3. Unstructured data can be examined by AI
Due to the vast amounts of health data and medical records, clinicians frequently struggle to keep up with the most recent medical advancements while still providing high-quality patient-centered care. Besides, ML technologies can quickly scan EHRs and biomedical data curated by healthcare organizations and medical specialists to give clinicians quick, accurate answers.
On the other hand, health information and patient medical records are frequently stored as complex unstructured data, which makes them challenging to access and interpret. Without being burdened by the burden of searching, identifying, gathering, and transcribing the solutions they require from mountains of paper formatted EHRs, AI can seek, collect, store, and standardize medical data regardless of the format, assisting repetitive tasks and supporting clinicians with quick, accurate, tailored treatment plans and medications for their patients.
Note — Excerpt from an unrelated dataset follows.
(* Let $0<\epsilon<1$, $\epsilon_3=\frac{\epsilon}{2|V(H)|}$ and $\epsilon_4=\frac{\epsilon_3}{4k-2}$. For $u,v\in V(H)$, if the shortest path $\pi_{G-D}(u,v)$ is $\epsilon_3$-far away from $V(H)$, then it is an $\epsilon_4$-segment expath.
   Context: $G=(V,E)$ is an undirected graph with $n\ge3$ vertices and real edge weights in $[1,W]$; shortest paths in every subgraph are assumed unique; $\pi_{G'}(x,y)$ is the shortest $x$-$y$ path in $G'$, $\delta_{G'}$ its length, $|P|$ the weighted length of a path $P$, $P[a,b]$ the subpath between $a,b$, and $G-R$ the graph with vertex set $R$ deleted. Let $k=\ln n$. For $R\subseteq V$, $S\subseteq V\setminus R$, an $S$-restricted tree cover of $G-R$ is a family $\{T(w):w\in S\}$ of trees, $T(w)$ a subtree of $G-R$ rooted at $w$, such that (i) for all $u\in S$, $v\in V\setminus R$ there is $w\in S$ with $u,v\in V(T(w))$ and $\mathrm{dep}_{T(w)}(u)+\mathrm{dep}_{T(w)}(v)\le(2k-1)\delta_{G-R}(u,v)$ ($\mathrm{dep}_T(x)$ = weighted distance from $x$ to the root); (ii) each vertex lies in at most $kn^{1/k}(\ln n+1)$ trees. A vertex of such a tree $T$ is a trunk vertex if it lies on the $T$-path between two vertices of $S$; $\mathrm{Trunk}(T)$ is the subtree induced by trunk vertices; $\mathrm{pdeg}_T(v)$ is the degree of $v$ in $\mathrm{Trunk}(T)$ (0 if not trunk). Fix an integer $d\ge2$, a constant $c\ge1$, $s=4e d^{c+1}\ln^2 n+1$; $\mathrm{Hi}(\mathcal{C})$ is the set of vertices of pseudo-degree $>s$ in some tree of a tree cover $\mathcal{C}$. Fixed tree covers: $\mathcal{T}(S)$ ($S$-restricted, of $G$) and $\mathcal{T}_R(S)$ ($(S\setminus R)$-restricted, of $G-R$), $\mathcal{T}_\varnothing(S)=\mathcal{T}(S)$. Hierarchy tree: root $V$; a node $U$ is a leaf if $\mathrm{Hi}(\mathcal{T}(U))=\varnothing$, else it has children $W_1=\mathrm{Hi}(\mathcal{T}(U))$, $W_i=W_{i-1}\cup\mathrm{Hi}(\mathcal{T}_{W_{i-1}}(U))$ ($2\le i\le d$), recursively. Let $D\subseteq V$, $|D|\le d$, and fix a root-to-node path $V=U_1,\dots,U_p$ in the hierarchy tree, $U_{p+1}=\varnothing$, such that every $f\in D$ has pseudo-degree $\le s$ in every tree of $\mathcal{T}:=\bigcup_{i=1}^p\mathcal{T}_{U_{i+1}}(U_i)$. The level $l(v)$ is the largest $l$ with $v\in U_l$; $G_i$ is the subgraph of $G$ induced by the vertices of level $\le i$. Let $s_0,t_0\in V\setminus D$ be query vertices; for $f\in D$, $T\in\mathcal{T}$ containing $f$, $N_T(f)=\{\mathrm{parent}_T(f)\}\cup(\mathrm{children}_T(f)\cap\mathrm{Trunk}(T))$, $N(f)=\bigcup_T N_T(f)$, and $V(H)=(\{s_0,t_0\}\cup\bigcup_{f\in D}N(f))\setminus D$. A path $P$ from $a$ to $b$ is $\eta$-far away from $V(H)$ if there are no $x\in P\setminus\{a,b\}$, $w\in V(H)$ with $\delta_{G-D}(x,w)\le\eta\cdot\min\{|P[a,x]|,|P[x,b]|\}$. $\eta$-segments: for $P=(a=v_0,\dots,v_\ell=b)$ and $1\le i,j<\ell$, $v_i,v_j$ are in the same $\eta$-segment if either both $|P[a,v_i]|,|P[a,v_j]|\le|P|/2$ and $\lfloor\log_{1+\eta}|P[a,v_i]|\rfloor=\lfloor\log_{1+\eta}|P[a,v_j]|\rfloor$, or both $|P[v_i,b]|,|P[v_j,b]|<|P|/2$ and $\lfloor\log_{1+\eta}|P[v_i,b]|\rfloor=\lfloor\log_{1+\eta}|P[v_j,b]|\rfloor$; the classes are contiguous subpaths, and $a,b$ are in no segment. A path $P$ is an $\eta$-segment expath if for every $\eta$-segment $P[x,y]$ of $P$ there is $1\le i\le p$ such that $P[x,y]$ is a shortest path in $G_i$. *)

theory Defs
  imports Complex_Main "HOL-Library.Extended_Real"
begin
4. AI creates sophisticated and integrated drug discovery platforms.
By tracing their toxic potential and mechanisms of action, AI algorithms can find new drug applications. With the help of this technology, the company was able to build a drug discovery platform that allows it to repurpose existing medications and bioactive substances.
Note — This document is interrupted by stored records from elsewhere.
(* Let $r\ge1$ and let $F$ be a graph with chromatic number $\chi(F)=r+1$. Then for every real $p>1$, as $n\to\infty$, $$\mathrm{ex}^{(p)}_\lambda(n,F)=\lambda^{(p)}(T_r(n))+o\!\left(n^{2-2/p}\right)=\left(1-\frac1r+o(1)\right)n^{2-2/p}.$$
   Context: For a graph $G$ on vertex set $\{1,\dots,n\}$ and real $p\ge1$, the $p$-spectral radius is $\lambda^{(p)}(G)=\max\{2\sum_{\{i,j\}\in E(G)}x_ix_j:\ x\in\mathbb R^n,\ |x_1|^p+\dots+|x_n|^p=1\}$. $\mathrm{ex}^{(p)}_\lambda(n,F)$ is the maximum of $\lambda^{(p)}(G)$ over all $n$-vertex graphs $G$ containing no subgraph isomorphic to $F$. $T_r(n)$ is the Turán graph: the complete $r$-partite graph on $n$ vertices with part sizes as equal as possible. *)

theory Defs
  imports Complex_Main "HOL-Library.Landau_Symbols"
begin

definition graph_on :: "nat \<Rightarrow> nat set set \<Rightarrow> bool" where
  "graph_on n E \<longleftrightarrow> (\<forall>e\<in>E. \<exists>i j. e = {i, j} \<and> i \<noteq> j \<and> i \<in> {1..n} \<and> j \<in> {1..n})"

definition p_spectral_radius :: "real \<Rightarrow> nat \<Rightarrow> nat set set \<Rightarrow> real" where
  "p_spectral_radius p n E =
     Sup {2 * (\<Sum>(i, j)\<in>{(i, j). i \<in> {1..n} \<and> j \<in> {1..n} \<and> i < j \<and> {i, j} \<in> E}. x i * x j)
          | x :: nat \<Rightarrow> real. (\<Sum>i\<in>{1..n}. \<bar>x i\<bar> powr p) = 1}"

definition contains_subgraph :: "nat \<Rightarrow> nat set set \<Rightarrow> nat \<Rightarrow> nat set set \<Rightarrow> bool" where
  "contains_subgraph n E m EF \<longleftrightarrow>
     (\<exists>f. f ` {1..m} \<subseteq> {1..n} \<and> inj_on f {1..m} \<and> (\<forall>e\<in>EF. f ` e \<in> E))"

definition proper_colouring :: "nat \<Rightarrow> nat set set \<Rightarrow> nat \<Rightarrow> (nat \<Rightarrow> nat) \<Rightarrow> bool" where
  "proper_colouring m EF k c \<longleftrightarrow>
     (\<forall>i\<in>{1..m}. c i < k) \<and> (\<forall>i\<in>{1..m}. \<forall>j\<in>{1..m}. {i, j} \<in> EF \<longrightarrow> i \<noteq> j \<longrightarrow> c i \<noteq> c j)"

definition chromatic_number :: "nat \<Rightarrow> nat set set \<Rightarrow> nat" where
  "chromatic_number m EF = (LEAST k. \<exists>c. proper_colouring m EF k c)"

definition spectral_ex :: "real \<Rightarrow> nat \<Rightarrow> nat \<Rightarrow> nat set set \<Rightarrow> real" where
  "spectral_ex p n m EF =
     Sup {p_spectral_radius p n E | E. graph_on n E \<and> \<not> contains_subgraph n E m EF}"

text \<open>Turan graph T_r(n) on {1..n}: parts are the residue classes mod r
  (complete r-partite, part sizes as equal as possible).\<close>
definition turan_graph :: "nat \<Rightarrow> nat \<Rightarrow> nat set set" where
  "turan_graph r n = {{i, j} | i j. i \<in> {1..n} \<and> j \<in> {1..n} \<and> i mod r \<noteq> j mod r}"

end

(* Lower bound: T_r(n) contains no copy of F, and the constant unit vector with entries n^(-1/p)
   shows lambda^(p)(T_r(n)) >= (1 - 1/r) n^(2-2/p) - n^(1-2/p), because every vertex of T_r(n)
   has degree at least n - n/r - 1.

   Upper bound: let x be a unit vector in the p-norm and y = |x| on the support of x. By Hoelder,
   y has total weight at most n^(1-1/p), and every entry is at most 1. If the quadratic form
   exceeded (1 - 1/r + eps) n^(2-2/p), the total weight would be at least sqrt(eps) n^(1-1/p).
   So for large n no vertex would carry more than a theta-fraction of the weight, and the form
   would have density above 1 - 1/r. A weighted Erdos-Stone theorem then gives a copy of
   K_(r+1)(|F|), the complete (r+1)-partite graph with parts of size |F|. F embeds into this
   copy along a proper (r+1)-colouring.

   The weighted Erdos-Stone theorem: a vertex set maximising  form - c * weight^2  has large
   minimum weighted degree. The proof then goes by induction on the number of parts. Given a
   copy of K_k(T), the vertices with t neighbours in every part carry a lot of weight. By
   pigeonhole over their neighbourhoods in the copy, t of them have the same neighbourhood,
   and together with t common neighbours in each part they span K_(k+1)(t). *)

theory Submission
  imports Defs "HOL-Analysis.Convex"
begin

section \<open>Weighted graphs\<close>

definition wdeg :: "('a \<Rightarrow> 'a \<Rightarrow> bool) \<Rightarrow> ('a \<Rightarrow> real) \<Rightarrow> 'a set \<Rightarrow> 'a \<Rightarrow> real" where
  "wdeg adj w S v = (\<Sum>u\<in>S. if adj v u then w u else 0)"

definition adj_form :: "('a \<Rightarrow> 'a \<Rightarrow> bool) \<Rightarrow> ('a \<Rightarrow> real) \<Rightarrow> 'a set \<Rightarrow> real" where
  "adj_form adj w S = (\<Sum>v\<in>S. w v * wdeg adj w S v)"

text \<open>\<open>S\<close> spans a copy of \<open>K\<^sub>k(t)\<close>, the complete \<open>k\<close>-partite graph with parts of size \<open>t\<close>
  (the parts are automatically disjoint when \<open>adj\<close> is irreflexive).\<close>
definition has_blowup :: "('a \<Rightarrow> 'a \<Rightarrow> bool) \<Rightarrow> 'a set \<Rightarrow> nat \<Rightarrow> nat \<Rightarrow> bool" where
  "has_blowup adj S k t \<longleftrightarrow> (\<exists>P. (\<forall>a<k. P a \<subseteq> S \<and> finite (P a) \<and> card (P a) = t) \<and>
      (\<forall>a<k. \<forall>b<k. a \<noteq> b \<longrightarrow> (\<forall>x\<in>P a. \<forall>y\<in>P b. adj x y)))"

lemma wdeg_le_sum: "\<forall>u\<in>S. 0 \<le> w u \<Longrightarrow> wdeg adj w S v \<le> sum w S"
  unfolding wdeg_def by (auto intro: sum_mono)

lemma adj_form_le_square:
  assumes "\<forall>u\<in>S. 0 \<le> w u"
  shows "adj_form adj w S \<le> (sum w S)\<^sup>2"
proof -
  have "adj_form adj w S \<le> (\<Sum>v\<in>S. w v * sum w S)"
    unfolding adj_form_def using assms wdeg_le_sum[OF assms] by (intro sum_mono mult_left_mono) auto
  also have "\<dots> = (sum w S)\<^sup>2"
    by (simp add: sum_distrib_right power2_eq_square)
  finally show ?thesis .
qed

lemma adj_form_eq_double_sum:
  "adj_form adj w S = (\<Sum>v\<in>S. \<Sum>u\<in>S. if adj v u then w v * w u else 0)"
  unfolding adj_form_def wdeg_def sum_distrib_left by (simp add: if_distrib cong: if_cong)

lemma adj_form_le_abs: "adj_form adj w S \<le> adj_form adj (\<lambda>v. \<bar>w v\<bar>) S"
  unfolding adj_form_eq_double_sum by (intro sum_mono) (auto simp: abs_mult[symmetric])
The founding company of this platform is able to produce approximately 80 terabytes of biological data each week, which is processed by AI tools across 1.5 million experiments by fusing the best aspects of biology, data science, and chemistry with automation and the most recent AI developments.
Moreover, the risk of human bias is reduced by the use of machine learning (ML) tools to extract insights from biological datasets that are too complex for human interpretation.
5.AI can predict kidney disease
Acute kidney injury (AKI) can be difficult for medical professionals to recognize, but it can cause patients to rapidly deteriorate and endanger their lives. Early detection and treatment of these cases can significantly reduce the need for lifelong treatment and the expense of kidney dialysis because it is estimated that 11% of hospital deaths result from a failure to identify and treat patients.
This is why a machine learning (ML) tool that can forecast AKI up to 48 hours in advance was developed in 2019 by the Department of Veterans Affairs (VA) and DeepMind Health. Interestingly, more than 90% of acute AKI cases were detected by the AI tool 48 hours earlier than they would have been by using conventional care techniques.
Final words
The adoption of AI in healthcare still faces obstacles like the need to meet strict requirements and a lack of confidence in the outcomes provided by ML systems. However, healthcare stakeholders have already benefited greatly from the use of AI in health.
Furthermore, patients, payers, researchers, and clinicians can all gain from the use of AI in healthcare by enhancing workflows and operations, helping medical and nonmedical staff with repetitive tasks, assisting users in finding quicker answers to questions, and developing novel treatments and therapies.